- WHAT THIS TASK INVOLVES:
From the data below, return each line in which the string "exists" is found.

[Stored data entries]
# # # # #

(* Let $K, L$ be compact convex subsets of $\mathbb{R}^n$. Suppose that every triangle contained in $K$ can be translated inside $L$. If $W(K)=W(L)$, then $K$ and $L$ are translates of each other.
   Context: Here a triangle in $K$ means the convex hull of three points of $K$ (i.e. a polytope in $K$ with at most three vertices). For a compact convex set $K$ with support function $h_K(v)=\max_{x\in K} x\cdot v$, the mean width is $W(K) = \frac{2}{n \omega_n} \int_{S^{n-1}} h_K(u)\, du$, where $\omega_n$ is the volume of the Euclidean unit ball in $\mathbb{R}^n$ and $du$ is surface measure on the unit sphere $S^{n-1}$. *)

theory Defs
  imports "HOL-Analysis.Analysis"
begin

definition support_fun :: "'a::euclidean_space set \<Rightarrow> 'a \<Rightarrow> real" where
  "support_fun K v = (SUP x\<in>K. x \<bullet> v)"

text \<open>Surface (area) measure on the unit sphere, defined as the cone measure:
  sigma(A) = n * lambda({t u. 0 < t < 1, u \<in> A}), i.e. n times the push-forward of
  Lebesgue measure on the punctured open unit ball under radial projection.\<close>
definition sphere_measure :: "'a::euclidean_space measure" where
  "sphere_measure = scale_measure (ennreal (real DIM('a)))
     (distr (restrict_space lborel (ball 0 1 - {0})) borel (\<lambda>x. x /\<^sub>R norm x))"
lemma stirling_remainder_lower_bound: "3/4 + 1 / (4 * (real n + 1)) \<le> stirling_remainder (Suc n)"
proof (induction n)
  case 0
  then show ?case by (simp add: stirling_remainder_def)
next
  case (Suc n)
  then show ?case
    using stirling_remainder_diff_le[of "Suc n"] by (simp add: algebra_simps)
qed

lemma convergent_stirling_remainder: "convergent stirling_remainder"
proof -
  have "decseq (\<lambda>n. stirling_remainder (Suc n))"
    using stirling_remainder_diff_nonneg by (intro decseq_SucI) simp
  moreover have "\<forall>n. 0 \<le> stirling_remainder (Suc n)"
  proof
    fix n
    have "0 \<le> 1 / (4 * (real n + 1))"
      by simp
    then show "0 \<le> stirling_remainder (Suc n)"
      using stirling_remainder_lower_bound[of n] by linarith
  qed
  ultimately obtain L where "(\<lambda>n. stirling_remainder (Suc n)) \<longlonglongrightarrow> L"
    by (rule decseq_convergent)
  then show ?thesis
    by (auto simp: convergent_def filterlim_sequentially_Suc)
qed

lemma ln_Gamma_series_real:
  assumes "x > 0" "n \<ge> 1"
  shows "ln (Gamma_series x n)
    = ln (fact n) + x * ln (real n) - ln (pochhammer x n) - ln (x + real n)"
proof -
  have "pochhammer x n > 0" "x + real n > 0"
    using assms by (simp_all add: pochhammer_pos)
  then show ?thesis
    unfolding Gamma_series_def using assms
    by (simp add: pochhammer_Suc ln_div ln_mult)
qed

lemma ln_Gamma_series_one_half:
  assumes "n \<ge> 1"
  shows "ln (Gamma_series (1/2) n)
    = 2 * stirling_remainder n - stirling_remainder (2 * n)
      + (ln (real n) - ln (real n + 1/2)) - ln 2 / 2"
proof -
  have "pochhammer (1/2 :: real) n > 0"
    by (simp add: pochhammer_pos)
  then have "ln (fact (2 * n) :: real) = real (2 * n) * ln 2 + ln (pochhammer (1/2) n) + ln (fact n)"
    by (simp add: fact_double ln_mult ln_realpow)
  moreover have "ln (real (2 * n)) = ln 2 + ln (real n)"
    using assms by (simp add: ln_mult)
  moreover have "ln (Gamma_series (1/2) n)
      = ln (fact n) + ln (real n) / 2 - ln (pochhammer (1/2) n) - ln (real n + 1/2)"
    using ln_Gamma_series_real[of "1/2" n] assms by (simp add: add.commute)
  ultimately show ?thesis
    unfolding stirling_remainder_def by (simp add: algebra_simps)
qed

lemma stirling_remainder_LIMSEQ: "stirling_remainder \<longlonglongrightarrow> ln (2 * pi) / 2"
proof -
  obtain L where L: "stirling_remainder \<longlonglongrightarrow> L"
    using convergent_stirling_remainder by (auto simp: convergent_def)
  have "(\<lambda>n. stirling_remainder (2 * n)) \<longlonglongrightarrow> L"
    using LIMSEQ_subseq_LIMSEQ[OF L, of "\<lambda>n. 2 * n"] by (simp add: strict_mono_def o_def)
  moreover have "(\<lambda>n. ln (real n) - ln (real n + 1/2)) \<longlonglongrightarrow> 0"
    by real_asymp
  ultimately have "(\<lambda>n. 2 * stirling_remainder n - stirling_remainder (2 * n)
      + (ln (real n) - ln (real n + 1/2)) - ln 2 / 2) \<longlonglongrightarrow> 2 * L - L + 0 - ln 2 / 2"
    by (intro tendsto_intros L)
  moreover have "(\<lambda>n. ln (Gamma_series (1/2) n)) \<longlonglongrightarrow> ln (Gamma (1/2 :: real))"
    by (intro tendsto_intros) (simp add: Gamma_one_half_real)
  then have "(\<lambda>n. 2 * stirling_remainder n - stirling_remainder (2 * n)
      + (ln (real n) - ln (real n + 1/2)) - ln 2 / 2) \<longlonglongrightarrow> ln (Gamma (1/2 :: real))"
    by (rule Lim_transform_eventually)
      (use ln_Gamma_series_one_half in \<open>auto simp: eventually_at_top_linorder\<close>)
  ultimately have "L - ln 2 / 2 = ln (sqrt pi)"
    by (auto dest: LIMSEQ_unique simp: Gamma_one_half_real)
  then have "L = ln (2 * pi) / 2"
    by (simp add: ln_sqrt ln_mult)
  with L show ?thesis
    by simp
qed
lemma Inf_eq_if_mutually_approximating:
  fixes A B :: "real set"
  assumes ne: "A \<noteq> {}" "B \<noteq> {}" and bdd: "bdd_below A" "bdd_below B"
    and AB: "\<And>b \<delta>. b \<in> B \<Longrightarrow> 0 < \<delta> \<Longrightarrow> \<exists>a \<in> A. a \<le> b + \<delta>"
    and BA: "\<And>a. a \<in> A \<Longrightarrow> \<exists>b \<in> B. b \<le> a"
  shows "Inf A = Inf B"
proof (rule antisym)
  show "Inf A \<le> Inf B"
  proof (rule cInf_greatest[OF ne(2)])
    fix b assume b: "b \<in> B"
    show "Inf A \<le> b"
    proof (rule field_le_epsilon)
      fix \<delta> :: real assume "0 < \<delta>"
      then obtain a where "a \<in> A" "a \<le> b + \<delta>" using AB[OF b] by blast
      then show "Inf A \<le> b + \<delta>" using cInf_lower[OF _ bdd(1)] by force
    qed
  qed
  show "Inf B \<le> Inf A"
  proof (rule cInf_greatest[OF ne(1)])
    fix a assume "a \<in> A"
    then obtain b where "b \<in> B" "b \<le> a" using BA by blast
    then show "Inf B \<le> a" using cInf_lower[OF _ bdd(2)] by force
  qed
qed

theorem propositionS5:
  fixes d n :: nat and r :: real and P E :: "complex mat set"
  assumes "d \<ge> 1"
    and "P \<subseteq> density_ops (d ^ n)"
    and "E \<subseteq> density_ops (d ^ n)"
    and "r > 0"
  shows "zeta_GPO (d ^ n) n r P E = alpha_err (d ^ n) n r P E"
proof -
  define N M where "N = d ^ n" and "M = 2 powr (real n * r)"
  have N: "N > 0" using assms(1) by (simp add: N_def)
  have M: "M \<ge> 1" using assms(4) by (simp add: M_def ge_one_powr_ge_zero)
  have P: "P \<subseteq> density_ops N" and E: "E \<subseteq> density_ops N" using assms(2,3) by (simp_all add: N_def)
  have zero: "type1_err N (0\<^sub>m N N) P \<in> test_errors N M P E"
    using zero_test_mem_test_errors[OF E] M by simp
  have "Inf (gpo_errors N M P E) = Inf (test_errors N M P E)"
  proof (rule Inf_eq_if_mutually_approximating)
    show "test_errors N M P E \<noteq> {}" using zero by blast
    show "bdd_below (test_errors N M P E)"
      using type1_err_nonneg P by (intro bdd_belowI[of _ 0]) (auto simp: test_errors_def)
    show "bdd_below (gpo_errors N M P E)"
      by (intro bdd_belowI[of _ 0]) (simp add: gpo_errors_def)
    show approx: "\<exists>a \<in> gpo_errors N M P E. a \<le> b + \<delta>" if "b \<in> test_errors N M P E" "0 < \<delta>" for b \<delta>
      using that gpo_error_approx_test_error[OF N M P E] unfolding test_errors_def by blast
    show "gpo_errors N M P E \<noteq> {}" using approx[OF zero, of 1] by auto
    show "\<exists>b \<in> test_errors N M P E. b \<le> a" if "a \<in> gpo_errors N M P E" for a
      using test_error_le_gpo_error[OF _ P E that] M by simp
  qed
  then show ?thesis
    by (simp add: zeta_GPO_eq_Inf alpha_err_eq_Inf N_def M_def)
qed

end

# # # # #

- RESULT BELOW:
    and AB: "\<And>b \<delta>. b \<in> B \<Longrightarrow> 0 < \<delta> \<Longrightarrow> \<exists>a \<in> A. a \<le> b + \<delta>"
    and BA: "\<And>a. a \<in> A \<Longrightarrow> \<exists>b \<in> B. b \<le> a"
    show approx: "\<exists>a \<in> gpo_errors N M P E. a \<le> b + \<delta>" if "b \<in> test_errors N M P E" "0 < \<delta>" for b \<delta>
    show "\<exists>b \<in> test_errors N M P E. b \<le> a" if "a \<in> gpo_errors N M P E" for a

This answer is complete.